The myth that suggests that people with diabetes can't play sports or engage in physical activities is not only potentially harmful, but has been long debunked by science. In fact, according to a 2022 study published in The International Journal of Environmental Research and Public Health, physical activity is an essential intervention tool for diabetes management that can also reduce the risk of long-term diabetes complications such as heart disease.

The ADA explains that when you exercise, your cells become more sensitive to insulin, meaning that they allow it to be more efficient at keeping your blood sugar levels within the desired range. Therefore, per a 2019 article published in Diabetes Care, people with type 1 and 2 diabetes should aim for 150 minutes of moderate to vigorous physical activity per week. The article also recommends performing both aerobic and resistance training to manage your blood sugar (that is, doing both cardio and weight lifting). If you don't yet have an established exercise routine, the ADA recommends that you start by incorporating light walks first.

People with diabetes should not drive

People with well-managed diabetes can lead perfectly regular lives (per Still, some believe that getting a diabetes diagnosis is a disability sentence that will keep them from doing their daily activities, including driving. Nevertheless, this is nothing but another unfounded myth, likely derived from the risk of low blood sugar levels while sitting behind the wheel.

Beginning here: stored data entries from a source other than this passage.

text \<open>Convexity of \<open>p \<mapsto> |x - p| - c p\<close> on \<open>[0, x + y]\<close>.\<close>
lemma abs_diff_minus_linear_le_ends:
  fixes c :: real and p x y :: nat
  assumes "p \<le> x + y"
  shows "\<bar>real x - real p\<bar> - c * real p \<le> max (real x) (real y - c * (real x + real y))"
proof (cases "x + y = 0")
  case True
  with assms have "p = 0" by simp
  then show ?thesis by simp
next
  case False
  then have "0 < real x + real y"
    by (auto simp: add_pos_nonneg add_nonneg_pos)
  define t where "t = real p / (real x + real y)"
  have t: "0 \<le> t" "t \<le> 1"
    using assms \<open>0 < real x + real y\<close> by (auto simp: t_def)
  have p: "real p = t * (real x + real y)"
    using \<open>0 < real x + real y\<close> by (simp add: t_def)
  have "\<bar>real x - real p\<bar> = \<bar>(1 - t) * real x - t * real y\<bar>"
    by (simp add: p algebra_simps)
  also have "\<dots> \<le> (1 - t) * real x + t * real y"
    using t by (intro abs_leI) (simp_all add: mult_nonneg_nonneg)
  finally have "\<bar>real x - real p\<bar> - c * real p \<le> (1 - t) * real x + t * (real y - c * (real x + real y))"
    by (simp add: p algebra_simps)
  also have "\<dots> \<le> max (real x) (real y - c * (real x + real y))"
    using t by (intro convex_bound_le) auto
  finally show ?thesis .
qed

lemma cut_count_blocks_linear_max:
  fixes c :: real
  assumes "p \<le> length (blocks bl)"
  shows "\<exists>i\<le>length bl. real (cut_count (blocks bl) p) - c * p
           \<le> real (cut_count (blocks bl) (length (blocks (take i bl))))
              - c * length (blocks (take i bl))"
  using assms
proof (induction bl arbitrary: p)
  case Nil
  then show ?case by simp
next
  case (Cons xy bl)
  obtain x y where xy: "xy = (x, y)" by force
  let ?W = "blocks bl"
  show ?case
  proof (cases "x + y \<le> p")
    case True
    define p' where "p' = p - (x + y)"
    have p: "p = length (block xy) + p'"
      using True by (simp add: p'_def xy)
    obtain i where i: "i \<le> length bl"
      "real (cut_count ?W p') - c * p' \<le> real (cut_count ?W (length (blocks (take i bl)))) - c * length (blocks (take i bl))"
      using Cons.IH[of p'] Cons.prems by (auto simp: p)
    have "real (cut_count (blocks (xy # bl)) p) - c * p
        = count_list (block xy) 1 + (real (cut_count ?W p') - c * p') - c * length (block xy)"
      by (simp only: p blocks_simps cut_count_append_right) (simp add: algebra_simps)
    also have "\<dots> \<le> count_list (block xy) 1
        + (real (cut_count ?W (length (blocks (take i bl)))) - c * length (blocks (take i bl)))
        - c * length (block xy)"
      using i(2) by simp
    also have "\<dots> = real (cut_count (blocks (xy # bl)) (length (blocks (take (Suc i) (xy # bl)))))
        - c * length (blocks (take (Suc i) (xy # bl)))"
      by (simp only: take_Suc_Cons blocks_simps cut_count_append_right length_append)
         (simp add: algebra_simps)
    finally show ?thesis
      using i(1) by (intro exI[of _ "Suc i"]) simp
  next
    case False
    let ?f = "\<lambda>k. real (cut_count (blocks (xy # bl)) k) - c * k"
    have "?f p = \<bar>real x - real p\<bar> - c * p + count_list ?W 0"
      using False cut_count_block[of p x y] by (simp add: xy cut_count_append_left)
    also have "\<dots> \<le> max (real x) (real y - c * (real x + real y)) + count_list ?W 0"
      using abs_diff_minus_linear_le_ends[of p x y c] False by simp
    also have "\<dots> = max (?f 0) (?f (x + y))"
      using cut_count_append_right[of "block xy" ?W 0]
      by (simp add: xy cut_count_def block_def)
    finally have "?f p \<le> ?f 0 \<or> ?f p \<le> ?f (x + y)"
      by (simp only: le_max_iff_disj)
    then show ?thesis
    proof
      assume "?f p \<le> ?f 0"
      then show ?thesis by (intro exI[of _ 0]) simp
    next
      assume "?f p \<le> ?f (x + y)"
      then show ?thesis by (intro exI[of _ 1]) (simp add: xy)
    qed
  qed
qed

Hypoglycemia occurs when your blood sugar drops below 70mg/dL, which could happen due to mistakes with your insulin dose or carb intake, hot weather, high altitude, alcohol intake, and even the macronutrient composition of your meal (via the CDC). It can lead to confusion, dizziness, weakness, and even fainting in severe cases, which as you can imagine could be fatal if it were to occur while you are driving. However, there are ways to prevent hypoglycemia, like eating regularly and checking your blood sugar levels frequently. Also, if you do experience low blood sugar, there are ways to treat it quickly so that it doesn't impact your driving or your ability to make wise decisions behind the wheel. In a pinch, try consuming 15 grams of regular soda, fruit juice, honey, sugar, syrups, hard candies, or glucose tablets or gels and checking your blood sugar after 15 minutes to check if it has come up to your target range (via Healthline).